Могучее дерево, падая, всё сокрушает на своём пути: ветки соседних деревьев, сухостой… Не дай Бог человеку оказаться внизу… На делянках мы скученно работали – конвойным так легче следить. На их просьбу как закричу… И сам поражался мощи голоса. Будто огромный столб вырывался из горла и рос к верхушкам высоченных сосен, уходил в небо:

– Бо-о-о-о-й-ся-я-я-я-я!

Я сидел в лагере с Лавровым, сценическая фамилия Турчанинов…. Он пел в Харбине в театре «Модерн», а после освобождения в Омской музкомедии пел и ставил спектакли. Говорил, что такой силы голос, как у меня, встречал только у Шаляпина. Фёдор Иванович приезжал в Харбин в 1938-м. Я-то, конечно, не певец, так, для себя. Но крикнуть мог. Даже когда доходил от голода, сила в горле оставалась… Как гаркну на всю тайгу:

– Бо-о-о-о-о-й-ся-я-я-я!

Без какого-то напряжения. Стоило набрать побольше воздуха… Конвойные, бывало, скажут:

– Ну, ты даёшь мужик! Ну, голосище у тебя!

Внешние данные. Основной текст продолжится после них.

(* Let $T$ be a theory over a first-order signature $(\Sigma,\Pi)$ whose declarations are all on standard form, over a variable system with the de Bruijn property. Let $F:\mathcal F_\Sigma\to\mathcal C$ be a cwf morphism, $\mathcal D$ a first-order hyperdoctrine over $\mathcal C$, and $G,G':\mathcal H_{\Sigma,\Pi,T}\to\mathcal D$ two $F$-based hyperdoctrine morphisms. If $G_\Gamma(\Gamma,R(\mathrm{OV}(\Gamma)))=G'_\Gamma(\Gamma,R(\mathrm{OV}(\Gamma)))$ in $\mathrm{Pr}^{\mathcal D}(F(\Gamma))$ for every $(\Gamma,R)\in\Pi$, then $G=G'$ (i.e. $G_\Delta(P)=G'_\Delta(P)$ for all objects $\Delta$ of $\mathcal F_\Sigma$ and all $P\in\mathrm{Pr}_{\Sigma,\Pi,T}(\Delta)$).
   Context: Type system: fix an infinite set $V$ of variables with decidable equality and a fresh variable provider: functions $\varphi,\mathsf{fr}$ assigning to each finite $X\subseteq V$ an inhabited $\varphi(X)\subseteq V\setminus X$ and $\mathsf{fr}(X)\in\varphi(X)$; de Bruijn property: $\varphi(X)=\{\mathsf{fr}(X)\}$. Disjoint sets $F$ (function symbols), $T$ (type symbols). Preelements: terms from variables and $F$; pretypes $S(t_1,\ldots,t_n)$, $S\in T$. $\mathrm V(E)$: variables of $E$; $E[\bar a/\bar x]$: simultaneous substitution. Precontext $\Gamma=x_1:A_1,\ldots,x_n:A_n$ with $x_k\in\varphi(\{x_1,\ldots,x_{k-1}\})$, $\mathrm V(A_k)\subseteq\{x_1,\ldots,x_{k-1}\}$; $\mathrm{OV}(\Gamma)=x_1,\ldots,x_n$; $\mathrm{Fresh}(\Gamma)=\varphi(\mathrm V(\Gamma))$, $\mathrm{fresh}(\Gamma)=\mathsf{fr}(\mathrm V(\Gamma))$; $E[\bar a/\Gamma]=E[\bar a/x_1,\ldots,x_n]$. Top variables $\mathrm{TV}(\langle\rangle)=\emptyset$, $\mathrm{TV}(\Gamma,x:A)=(\mathrm{TV}(\Gamma)\setminus\mathrm V(A))\cup\{x\}$; a determining sequence is a strictly increasing $\bar i=i_1,\ldots,i_k$ with $\mathrm{TV}(\Gamma)\subseteq\{x_{i_1},\ldots,x_{i_k}\}$, $\bar a_{\bar i}=a_{i_1},\ldots,a_{i_k}$; a declaration is on standard form if $\bar i=1,\ldots,n$ (then $\bar i$ is omitted). Declarations $(\Gamma,S,\bar i)$ and $(\Gamma,f,\bar i,U)$ ($\mathrm V(U)\subseteq\mathrm V(\Gamma)$), each symbol at most once. $\mathcal J(\Sigma)$: smallest set of judgements closed under (R1) $\langle\rangle$ context; (R2) $\Gamma$ context, $A$ type $(\Gamma)$ $\Rightarrow$ $\Gamma,x:A$ context ($x\in\mathrm{Fresh}(\Gamma)$); (R3) $x_1:A_1,\ldots,x_n:A_n$ context $\Rightarrow$ $x_i:A_i\ (x_1:A_1,\ldots,x_n:A_n)$; (R4) $(\Gamma,S,\bar i)\in\Sigma$, $\bar a:\Delta\to\Gamma$ $\Rightarrow$ $S(\bar a_{\bar i})$ type $(\Delta)$; (R5) $(\Gamma,f,\bar i,U)\in\Sigma$, $\bar a:\Delta\to\Gamma$, $U[\bar a/\Gamma]$ type $(\Delta)$ $\Rightarrow$ $f(\bar a_{\bar i}):U[\bar a/\Gamma]\ (\Delta)$; where "$\bar a:\Delta\to\Gamma$" abbreviates $\Delta$ context, $\Gamma$ context, $a_k:A_k[a_1,\ldots,a_{k-1}/x_1,\ldots,x_{k-1}]\ (\Delta)$. $\Sigma$ is a signature if declared contexts are contexts and declared $U$ are types in $\mathcal J(\Sigma)$. Cwf: a category $\mathcal C$ with terminal object; classes $\mathrm{Ty}(\Gamma)$ with functorial substitution $A\{f\}$; context extension $\Gamma.A$ with $\mathrm p(A):\Gamma.A\to\Gamma$; classes $\mathrm{Tm}(\Gamma,A)$ with functorial $a\{f\}\in\mathrm{Tm}(\Delta,A\{f\})$; $\mathrm v_A\in\mathrm{Tm}(\Gamma.A,A\{\mathrm p(A)\})$; $\langle f,a\rangle_A:\Delta\to\Gamma.A$ for $a\in\mathrm{Tm}(\Delta,A\{f\})$ with $\mathrm p(A)\langle f,a\rangle_A=f$, $\mathrm v_A\{\langle f,a\rangle_A\}=a$, $\langle\mathrm p(A)h,\mathrm v_A\{h\}\rangle_A=h$, $\langle f,a\rangle_A g=\langle fg,a\{g\}\rangle_A$; $f.A=\langle f\circ\mathrm p(A\{f\}),\mathrm v_{A\{f\}}\rangle_A:\Delta.A\{f\}\to\Gamma.A$. A cwf morphism $(F,\sigma,\theta):\mathcal C\to\mathcal C'$: a functor $F$ preserving the terminal object, $\sigma_\Gamma:\mathrm{Ty}(\Gamma)\to\mathrm{Ty}'(F\Gamma)$ with $\sigma_\Delta(A\{f\})=\sigma_\Gamma(A)\{Ff\}$, $F(\Gamma.A)=F\Gamma.\sigma_\Gamma(A)$, $F(\mathrm p(A))=\mathrm p(\sigma_\Gamma(A))$, and $\theta_{\Gamma,A}:\mathrm{Tm}(\Gamma,A)\to\mathrm{Tm}'(F\Gamma,\sigma_\Gamma(A))$ commuting with substitution, with $\theta(\mathrm v_A)=\mathrm v_{\sigma_\Gamma(A)}$ and $F\langle f,a\rangle_A=\langle Ff,\theta(a)\rangle_{\sigma_\Gamma(A)}$. The cwf $\mathcal F_\Sigma$: objects are contexts $\Gamma$ (i.e. ($\Gamma$ context)$\in\mathcal J(\Sigma)$); morphisms $(\Delta,\Gamma,\bar a)$ with $\bar a:\Delta\to\Gamma$ in $\mathcal J(\Sigma)$, composed by substitution, identity $(\Gamma,\Gamma,\mathrm{OV}(\Gamma))$; $\mathrm{Ty}(\Gamma)=\{(\Gamma,A):(A\text{ type }(\Gamma))\in\mathcal J(\Sigma)\}$, $(\Gamma,A)\{(\Delta,\Gamma,\bar a)\}=(\Delta,A[\bar a/\Gamma])$; $\mathrm{Tm}(\Gamma,(\Gamma,A))=\{((\Gamma,A),a):(a:A\ (\Gamma))\in\mathcal J(\Sigma)\}$; $\Gamma.(\Gamma,S)=\langle\Gamma,\mathrm{fresh}(\Gamma):S\rangle$, $\mathrm p=(\Gamma.(\Gamma,S),\Gamma,\mathrm{OV}(\Gamma))$, $\mathrm v=((\Gamma.(\Gamma,S),S),\mathrm{fresh}(\Gamma))$, $\langle(\Delta,\Gamma,\bar s),((\Delta,S[\bar s/\Gamma]),b)\rangle=(\Delta,\Gamma.(\Gamma,S),(\bar s,b))$. Heyting (pre)algebra: a preorder $\le$ (not necessarily antisymmetric) with $\top,\bot,\wedge,\vee,\to$ satisfying $\bot\le x\le\top$, $z\le x\wedge y$ iff $z\le x$ and $z\le y$, $x\vee y\le z$ iff $x\le z$ and $y\le z$, $z\le(x\to y)$ iff $z\wedge x\le y$; morphisms are monotone maps preserving the operations and constants. A first-order hyperdoctrine over a cwf $\mathcal C$ is $(\mathcal C,\mathrm{Pr},\forall,\exists)$ with $\mathrm{Pr}:\mathcal C^{\mathrm{op}}\to\mathrm{Heyting}$ a functor ($R\{f\}=\mathrm{Pr}(f)(R)$) and, for $S\in\mathrm{Ty}(\Gamma)$, monotone $\forall_S,\exists_S:\mathrm{Pr}(\Gamma.S)\to\mathrm{Pr}(\Gamma)$ with $Q\le\forall_S(R)$ iff $Q\{\mathrm p(S)\}\le R$, and $\exists_S(R)\le Q$ iff $R\le Q\{\mathrm p(S)\}$ ($Q\in\mathrm{Pr}(\Gamma)$, $R\in\mathrm{Pr}(\Gamma.S)$), and for $f:\Delta\to\Gamma$: $\forall_S(R)\{f\}=\forall_{S\{f\}}(R\{f.S\})$, $\exists_S(R)\{f\}=\exists_{S\{f\}}(R\{f.S\})$. Given a cwf morphism $F=(F,\sigma,\theta):\mathcal C\to\mathcal C'$ and hyperdoctrines $\mathcal H=(\mathcal C,\mathrm{Pr},\forall,\exists)$, $\mathcal H'=(\mathcal C',\mathrm{Pr}',\forall',\exists')$, an $F$-based morphism $G:\mathcal H\to\mathcal H'$ is a family of Heyting morphisms $G_\Gamma:\mathrm{Pr}(\Gamma)\to\mathrm{Pr}'(F\Gamma)$ with $G_\Delta(R\{f\})=G_\Gamma(R)\{Ff\}$ for $f:\Delta\to\Gamma$, $G_\Gamma(\forall_S R)=\forall'_{\sigma_\Gamma(S)}(G_{\Gamma.S}R)$ and $G_\Gamma(\exists_S R)=\exists'_{\sigma_\Gamma(S)}(G_{\Gamma.S}R)$. Logic: predicate symbols from a set $P$ disjoint from $F\cup T$; a predicate declaration is $(\Gamma,\bar i,R)$ with ($\Gamma$ context)$\in\mathcal J(\Sigma)$, $\bar i$ determining, $R\in P$ (written $(\Gamma,R)$ on standard form); a predicate signature $\Pi$ declares each symbol at most once. $\mathrm{Form}(\Sigma,\Pi)$ is the smallest set of judgements "$\phi$ form $(\Gamma)$" with: $R(\bar a_{\bar i})$ form $(\Delta)$ for $(\Gamma,\bar i,R)\in\Pi$ and $\bar a:\Delta\to\Gamma$ in $\mathcal J(\Sigma)$; $\bot,\top$ form $(\Gamma)$ for contexts $\Gamma$; $(\phi\circ\psi)$ form $(\Gamma)$ for $\circ\in\{\wedge,\vee,\to\}$ from $\phi,\psi$ form $(\Gamma)$; $(Qx:A)\phi$ form $(\Gamma)$ for $Q\in\{\forall,\exists\}$ from $\phi$ form $(\Gamma,x:A)$ (with $(A\text{ type }(\Gamma))\in\mathcal J(\Sigma)$). Capture-avoiding substitution for $\bar a:\Delta\to\Gamma$: $\phi\{(\Delta,\Gamma,\bar a)\}=\phi[\bar a/\Gamma]$ for atomic $\phi$; it commutes with $\top,\bot,\wedge,\vee,\to$; and $((Qx:A)\theta)\{(\Delta,\Gamma,\bar a)\}=(Qy:A[\bar a/\Gamma])\,\theta\{(\langle\Delta,y:A[\bar a/\Gamma]\rangle,\langle\Gamma,x:A\rangle,(\bar a,y))\}$ with $y=\mathrm{fresh}(\Delta)$. A sequent is $\phi\Rightarrow_\Gamma\psi$ with $\phi,\psi$ form $(\Gamma)$; a theory is a set of sequents. Write $\mathbf p_\Gamma(x:A)=(\langle\Gamma,x:A\rangle,\Gamma,\mathrm{OV}(\Gamma))$. $\mathrm{Thm}(\Sigma,\Pi,T)$ is the smallest set of sequents containing $T$ and closed under: $\phi\Rightarrow_\Gamma\phi$; cut; $\theta\wedge\psi\Rightarrow_\Gamma\theta$, $\theta\wedge\psi\Rightarrow_\Gamma\psi$, from $\phi\Rightarrow_\Gamma\theta$, $\phi\Rightarrow_\Gamma\psi$ infer $\phi\Rightarrow_\Gamma\theta\wedge\psi$, $\phi\Rightarrow_\Gamma\top$; $\theta\Rightarrow_\Gamma\theta\vee\psi$, $\psi\Rightarrow_\Gamma\theta\vee\psi$, from $\theta\Rightarrow_\Gamma\phi$, $\psi\Rightarrow_\Gamma\phi$ infer $\theta\vee\psi\Rightarrow_\Gamma\phi$, $\bot\Rightarrow_\Gamma\phi$; $\theta\wedge\psi\Rightarrow_\Gamma\phi$ iff $\theta\Rightarrow_\Gamma\psi\to\phi$; $\phi\{\mathbf p_\Gamma(x:A)\}\Rightarrow_{\Gamma,x:A}\psi$ iff $\phi\Rightarrow_\Gamma(\forall x:A)\psi$; $\psi\Rightarrow_{\Gamma,x:A}\phi\{\mathbf p_\Gamma(x:A)\}$ iff $(\exists x:A)\psi\Rightarrow_\Gamma\phi$ (each "iff" read as two rules); and substitution: from $\phi\Rightarrow_\Gamma\psi$ and $\bar a:\Delta\to\Gamma$ infer $\phi\{(\Delta,\Gamma,\bar a)\}\Rightarrow_\Delta\psi\{(\Delta,\Gamma,\bar a)\}$. Lindenbaum–Tarski hyperdoctrine $\mathcal H_{\Sigma,\Pi,T}=(\mathcal F_\Sigma,\mathrm{Pr}_{\Sigma,\Pi,T},\forall,\exists)$: $\mathrm{Pr}_{\Sigma,\Pi,T}(\Gamma)=\{(\Gamma,\phi):(\phi\text{ form }(\Gamma))\in\mathrm{Form}(\Sigma,\Pi)\}$ ordered by $(\Gamma,\phi)\le(\Gamma,\psi)$ iff $(\phi\Rightarrow_\Gamma\psi)\in\mathrm{Thm}(\Sigma,\Pi,T)$, Heyting operations given by the connectives; $\mathrm{Pr}((\Delta,\Gamma,\bar a))(\Gamma,\phi)=(\Delta,\phi\{(\Delta,\Gamma,\bar a)\})$; $\forall_{(\Gamma,A)}(\langle\Gamma,x:A\rangle,\psi)=(\Gamma,(\forall x:A)\psi)$, $\exists_{(\Gamma,A)}(\langle\Gamma,x:A\rangle,\psi)=(\Gamma,(\exists x:A)\psi)$. *)

theory Defs
  imports Main
begin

На делянке старший надзиратель внизу ходит, остальные на вышках. Запрещено спускаться, как-то один, смотрю, спускается. Козью ножку свернул, махорки насыпал, закурил и на пенёк положил – дескать, мужик, возьми! Я в трёх шагах стоял. За голос угостил. У нас за спичечный коробок махорки надо было половину суточной нормы хлеба отдать… Царский подарок, можно сказать…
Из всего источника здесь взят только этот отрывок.